The students in Marjan’s TOEFL class are contemplating leaving Iran and, for some, speaking English is a requirement for that journey. Roya (a stoic but biting Pooya Mohseni) says her son wants her to come to Canada and live with his family but they are raising their daughter in English, so she must learn English before she comes to live with her granddaughter. Goli (a luminous but vulnerable Ava Lalezarzadeh) is only 18 and she thinks leaning English will help her make university choices. Omid (Hadi Tabbal), who does not seem like he needs much tutoring, is trying to get a green card for Dubai and he needs a good TOEFL score. Elham (a caustic and fierce Tala Ashe) must pass the TOEFL to get admitted into her graduate school in Australia or else she cannot go.
Their teacher, Marjan (Marjan Neshat), spent years living in Manchester and loves English. She liked who she was in English, known to those around her then as Mary. But she also avoids talking about why she came back to Iran and why no one in her family speaks English. She finds a kindred spirit in Omid but there’s a deeper connection with him that she cannot put her finger on and it’s unsettling.
In the play, the actors almost always speak English on stage. When they are meant to be speaking Farsi, this is indicated by an English that is colloquial, fast, and full of varied inflection. When they are meant to be speaking English, it is often accented, halting, and full of pauses. As with many language learners, there is a starkness to their limited English-language vocabulary. Marjan insists on spoken English in class so when they break into Farsi it is usually because they cannot express what they need to say in English.
Set inside a rotating cube, we see the brightly lit, pleasant classroom with its goldenrod curtains (Marjan’s favorite color) lining one wall. When the cube turns, there is a patio outside the classroom where cigarettes are smoked and tossed into planters. It is familiar and inviting and there is a hint of the specific world outside its walls.
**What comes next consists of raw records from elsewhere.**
(* Let $V\colon \mathbf{ZZ}\to\mathbf{Vec}$ be a nonzero zigzag persistence module. Then $V$ is indecomposable if and only if $V$ is $[-k,k]$-indecomposable for every integer $k\geq 0$.
   Context: Fix a field $\mathbb{F}$; $\mathbf{Vec}$ denotes the category of finite-dimensional $\mathbb{F}$-vector spaces. $\mathbf{ZZ}$ is the category whose objects are the integers, with non-identity morphisms $i\to i-1$ and $i\to i+1$ for every even integer $i$ (even integers are sources, odd integers are sinks). A zigzag persistence module is a functor $V\colon\mathbf{ZZ}\to\mathbf{Vec}$, i.e. finite-dimensional spaces $V_i$ ($i\in\mathbb{Z}$) together with linear maps $g_i=V(i\to i-1)\colon V_i\to V_{i-1}$ and $f_i=V(i\to i+1)\colon V_i\to V_{i+1}$ for each even $i$. Morphisms are natural transformations. The direct sum $U\oplus W$ is defined pointwise: $(U\oplus W)_i=U_i\oplus W_i$, $(U\oplus W)(\alpha)=U(\alpha)\oplus W(\alpha)$. $V$ is decomposable if $V\cong U\oplus W$ with $U,W$ both nonzero, and indecomposable otherwise. For integers $s\leq t$, a nonzero $W$ is $[s,t]$-indecomposable if for every decomposition $W=W^1\oplus W^2$ (into submodules), either $W^1_i=0$ for all $s\le i\le t$, or $W^2_i=0$ for all $s\le i\le t$. *)

theory Defs
  imports "Jordan_Normal_Form.Matrix"
begin

text \<open>A zigzag persistence module over a field 'a, in coordinates:
  V_i = 'a^(zdim V i) (column vectors), and for even i the structure maps
  g_i = zg V i : V_i -> V_(i-1) and f_i = zf V i : V_i -> V_(i+1) are matrices.
  The values of zg, zf at odd i are irrelevant (never used).\<close>

record 'a zz =
  zdim :: "int \<Rightarrow> nat"
  zg :: "int \<Rightarrow> 'a mat"
  zf :: "int \<Rightarrow> 'a mat"

definition zz_module :: "('a::field) zz \<Rightarrow> bool" where
  "zz_module V \<longleftrightarrow> (\<forall>i. even i \<longrightarrow>
      zg V i \<in> carrier_mat (zdim V (i - 1)) (zdim V i) \<and>
      zf V i \<in> carrier_mat (zdim V (i + 1)) (zdim V i))"

definition zz_zero :: "('a::field) zz \<Rightarrow> bool" where
  "zz_zero V \<longleftrightarrow> (\<forall>i. zdim V i = 0)"

definition zz_hom :: "('a::field) zz \<Rightarrow> 'a zz \<Rightarrow> (int \<Rightarrow> 'a mat) \<Rightarrow> bool" where
  "zz_hom V W \<phi> \<longleftrightarrow> (\<forall>i. \<phi> i \<in> carrier_mat (zdim W i) (zdim V i)) \<and>
     (\<forall>i. even i \<longrightarrow> \<phi> (i - 1) * zg V i = zg W i * \<phi> i \<and>
                     \<phi> (i + 1) * zf V i = zf W i * \<phi> i)"

definition zz_iso :: "('a::field) zz \<Rightarrow> 'a zz \<Rightarrow> bool" where
  "zz_iso V W \<longleftrightarrow> (\<exists>\<phi> \<psi>. zz_hom V W \<phi> \<and> zz_hom W V \<psi> \<and>
     (\<forall>i. \<psi> i * \<phi> i = 1\<^sub>m (zdim V i) \<and> \<phi> i * \<psi> i = 1\<^sub>m (zdim W i)))"

definition zz_sum :: "('a::field) zz \<Rightarrow> 'a zz \<Rightarrow> 'a zz" where
  "zz_sum U W = \<lparr> zdim = (\<lambda>i. zdim U i + zdim W i),
     zg = (\<lambda>i. four_block_mat (zg U i) (0\<^sub>m (zdim U (i - 1)) (zdim W i))
                              (0\<^sub>m (zdim W (i - 1)) (zdim U i)) (zg W i)),
     zf = (\<lambda>i. four_block_mat (zf U i) (0\<^sub>m (zdim U (i + 1)) (zdim W i))
                              (0\<^sub>m (zdim W (i + 1)) (zdim U i)) (zf W i)) \<rparr>"

definition zz_decomposable :: "('a::field) zz \<Rightarrow> bool" where
  "zz_decomposable V \<longleftrightarrow> (\<exists>U W. zz_module U \<and> zz_module W \<and>
      \<not> zz_zero U \<and> \<not> zz_zero W \<and> zz_iso V (zz_sum U W))"

definition zz_indecomposable :: "('a::field) zz \<Rightarrow> bool" where
  "zz_indecomposable V \<longleftrightarrow> \<not> zz_decomposable V"

definition is_subspace :: "nat \<Rightarrow> ('a::field) vec set \<Rightarrow> bool" where
  "is_subspace n S \<longleftrightarrow> S \<subseteq> carrier_vec n \<and> 0\<^sub>v n \<in> S \<and>
     (\<forall>u\<in>S. \<forall>w\<in>S. u + w \<in> S) \<and> (\<forall>c. \<forall>u\<in>S. c \<cdot>\<^sub>v u \<in> S)"

definition zz_submodule :: "('a::field) zz \<Rightarrow> (int \<Rightarrow> 'a vec set) \<Rightarrow> bool" where
  "zz_submodule V S \<longleftrightarrow> (\<forall>i. is_subspace (zdim V i) (S i)) \<and>
     (\<forall>i. even i \<longrightarrow> (\<forall>v\<in>S i. zg V i *\<^sub>v v \<in> S (i - 1) \<and> zf V i *\<^sub>v v \<in> S (i + 1)))"

definition zz_internal_decomp :: "('a::field) zz \<Rightarrow> (int \<Rightarrow> 'a vec set) \<Rightarrow> (int \<Rightarrow> 'a vec set) \<Rightarrow> bool" where
  "zz_internal_decomp V S1 S2 \<longleftrightarrow> zz_submodule V S1 \<and> zz_submodule V S2 \<and>
     (\<forall>i. S1 i \<inter> S2 i = {0\<^sub>v (zdim V i)} \<and>
          (\<forall>x\<in>carrier_vec (zdim V i). \<exists>u\<in>S1 i. \<exists>w\<in>S2 i. x = u + w))"

definition zz_interval_indecomposable :: "('a::field) zz \<Rightarrow> int \<Rightarrow> int \<Rightarrow> bool" where
  "zz_interval_indecomposable V s t \<longleftrightarrow> \<not> zz_zero V \<and>
     (\<forall>S1 S2. zz_internal_decomp V S1 S2 \<longrightarrow>
        (\<forall>i\<in>{s..t}. S1 i = {0\<^sub>v (zdim V i)}) \<or> (\<forall>i\<in>{s..t}. S2 i = {0\<^sub>v (zdim V i)}))"

end

theory Submission
  imports Defs "Jordan_Normal_Form.Determinant"
begin

text \<open>Decompositions of a zigzag module \<open>V\<close>, external (\<open>V \<cong> U \<oplus> W\<close>) as well as internal
  (\<open>V = S\<^sub>1 \<oplus> S\<^sub>2\<close> into submodules), are the same thing as idempotent endomorphisms \<open>E\<close> of \<open>V\<close>:
  \<open>S\<^sub>1\<close>, \<open>S\<^sub>2\<close> are the fixed vectors and the kernel of \<open>E\<close>, \<open>E\<^sub>i\<close> is the projection onto \<open>S\<^sub>1\<^sub>,\<^sub>i\<close> along
  \<open>S\<^sub>2\<^sub>,\<^sub>i\<close>, and the external summands are obtained from rank factorizations \<open>E\<^sub>i = B\<^sub>i C\<^sub>i\<close>,
  \<open>C\<^sub>i B\<^sub>i = 1\<close>, of \<open>E\<close> and \<open>1 - E\<close>. Such a decomposition is nontrivial iff \<open>E\<^sub>i \<noteq> 0\<close> for some \<open>i\<close>
  and \<open>E\<^sub>j \<noteq> 1\<close> for some \<open>j\<close>, and both indices lie in \<open>[-k, k]\<close> for \<open>k = max |i| |j|\<close>.\<close>

section \<open>Block matrices and rank factorizations of idempotents\<close>

definition append_cols :: "'a::zero mat \<Rightarrow> 'a mat \<Rightarrow> 'a mat" (infixr \<open>@\<^sub>c\<close> 65) where
  "A @\<^sub>c B = four_block_mat A B (0\<^sub>m 0 (dim_col A)) (0\<^sub>m 0 (dim_col B))"

lemma carrier_append_cols[simp, intro]:
  "A \<in> carrier_mat n nc1 \<Longrightarrow> B \<in> carrier_mat n nc2 \<Longrightarrow> A @\<^sub>c B \<in> carrier_mat n (nc1 + nc2)"
  unfolding append_cols_def by auto

lemma four_block_mat_zero_dim:
  assumes "A \<in> carrier_mat nr nc" and "D \<in> carrier_mat 0 0"
  shows "four_block_mat A B C D = A"
  using assms by (intro eq_matI) auto

lemma minus_zero_mat[simp]: "A \<in> carrier_mat nr nc \<Longrightarrow> A - 0\<^sub>m nr nc = (A :: 'a::group_add mat)"
  by (intro eq_matI) auto

lemma minus_eq_zero_matD:
  fixes A B :: "'a::group_add mat"
  assumes "A \<in> carrier_mat nr nc" and "B \<in> carrier_mat nr nc" and "A - B = 0\<^sub>m nr nc"
  shows "B = A"
proof (rule eq_matI)
  fix i j assume "i < dim_row A" "j < dim_col A"
  then have ij: "i < nr" "j < nc" using assms(1) by auto
  have "(A - B) $$ (i, j) = 0\<^sub>m nr nc $$ (i, j)" using assms(3) by simp
  then show "B $$ (i, j) = A $$ (i, j)" using assms(1,2) ij by simp
qed (use assms in auto)

lemma mult_zero_dim_mat: "B \<in> carrier_mat n 0 \<Longrightarrow> C \<in> carrier_mat 0 m \<Longrightarrow> B * C = (0\<^sub>m n m :: 'a::semiring_0 mat)"
  by (intro eq_matI) (auto simp: scalar_prod_def)

lemma mult_append_cols:
  fixes M :: "'a::semiring_0 mat"
  assumes M: "M \<in> carrier_mat nr n" and A: "A \<in> carrier_mat n nc1" and B: "B \<in> carrier_mat n nc2"
  shows "M * (A @\<^sub>c B) = (M * A) @\<^sub>c (M * B)"
proof -
  have "M * (A @\<^sub>c B) = four_block_mat M (0\<^sub>m nr 0) (0\<^sub>m 0 n) (0\<^sub>m 0 0) * (A @\<^sub>c B)"
    using four_block_mat_zero_dim[OF M, of "0\<^sub>m 0 0"] by simp
  also have "\<dots> = (M * A) @\<^sub>c (M * B)"
    unfolding append_cols_def using M A B by (subst mult_four_block_mat) auto
  finally show ?thesis .
qed

lemma append_rows_mult:
  fixes M :: "'a::semiring_0 mat"
  assumes A: "A \<in> carrier_mat nr1 n" and B: "B \<in> carrier_mat nr2 n" and M: "M \<in> carrier_mat n nc"
  shows "(A @\<^sub>r B) * M = (A * M) @\<^sub>r (B * M)"
proof -
  have "(A @\<^sub>r B) * M = (A @\<^sub>r B) * four_block_mat M (0\<^sub>m n 0) (0\<^sub>m 0 nc) (0\<^sub>m 0 0)"
    using four_block_mat_zero_dim[OF M, of "0\<^sub>m 0 0"] by simp
  also have "\<dots> = (A * M) @\<^sub>r (B * M)"
    unfolding append_rows_def using M A B by (subst mult_four_block_mat) auto
  finally show ?thesis .
qed

lemma append_rows_mult_append_cols:
  fixes C1 :: "'a::semiring_0 mat"
  assumes "C1 \<in> carrier_mat nr1 n" "C2 \<in> carrier_mat nr2 n" "B1 \<in> carrier_mat n nc1" "B2 \<in> carrier_mat n nc2"
  shows "(C1 @\<^sub>r C2) * (B1 @\<^sub>c B2) = four_block_mat (C1 * B1) (C1 * B2) (C2 * B1) (C2 * B2)"
  unfolding append_rows_def append_cols_def using assms by (subst mult_four_block_mat) auto

lemma append_cols_mult_append_rows:
  fixes B1 :: "'a::semiring_0 mat"
  assumes "B1 \<in> carrier_mat n r1" "B2 \<in> carrier_mat n r2" "C1 \<in> carrier_mat r1 nc" "C2 \<in> carrier_mat r2 nc"
  shows "(B1 @\<^sub>c B2) * (C1 @\<^sub>r C2) = B1 * C1 + B2 * C2"
  unfolding append_rows_def append_cols_def using assms
  by (subst mult_four_block_mat) (auto intro: four_block_mat_zero_dim)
For Toosi’s characters, they perform show-and-tell for the class and play games but the play is operating on two levels. The English students have petty classroom squabbles and alliances and conflicts form over their lessons and studies. Elham is angry that she sounds like an idiot in English when she knows she is not an idiot. Goli enthusiastically shares Ricky Martin music which Elham criticizes because he has an accent in English and they are trying to lose theirs. Marjan’s favoritism for Omid starts to rankle the others. But these funny, mean, and mysterious interactions lead to a harder underside to the story.
While opportunities may be gained by speaking English, it has consequences for their Persian identity. By building a bridge to somewhere else, you are leaving a piece of yourself behind you are not sure you can go back to. The “choice” to learn English in a world colonized by the English language is a colonization wolf in sheep’s clothing. It is does not operate with the same obviousness of the forced assimilation of the British banning the Irish from speaking Gaelic in public or Japan banning occupied Koreans from using Korean names and speaking their own language. But that does not mean it is not there.
These characters logically know they are giving themselves options to live a different life if they leave Iran, but whatever they will experience outside of Iran may not be liberation. Who will they become “in English” in a linguistic exile and outside their native Farsi? How will they be perceived? Will they be heard or understood? Toosi’s play is very specific to her Iranian characters but the ripples of the points she is making go broader to immigrants all over the world.
My Italian grandmother, like Roya, was puzzled at her grandchildren’s names with no hint of Italian to them. I was not named Samantha because my grandmother could not pronounce it. But here Roya’s son has chosen a name for his daughter that she cannot pronounce. And those are the crushing bits of this linguistic colonization. You become, in unexpected ways, fractured and separated from your own family. Mothers and sons begin to exist as wholly different people in different languages. Grandmothers and granddaughters can have a sea of language between them such that they are ultimately strangers.
Toossi’s play reveals these heartbreaking moments in what is already a formidable path to forge for immigrants today.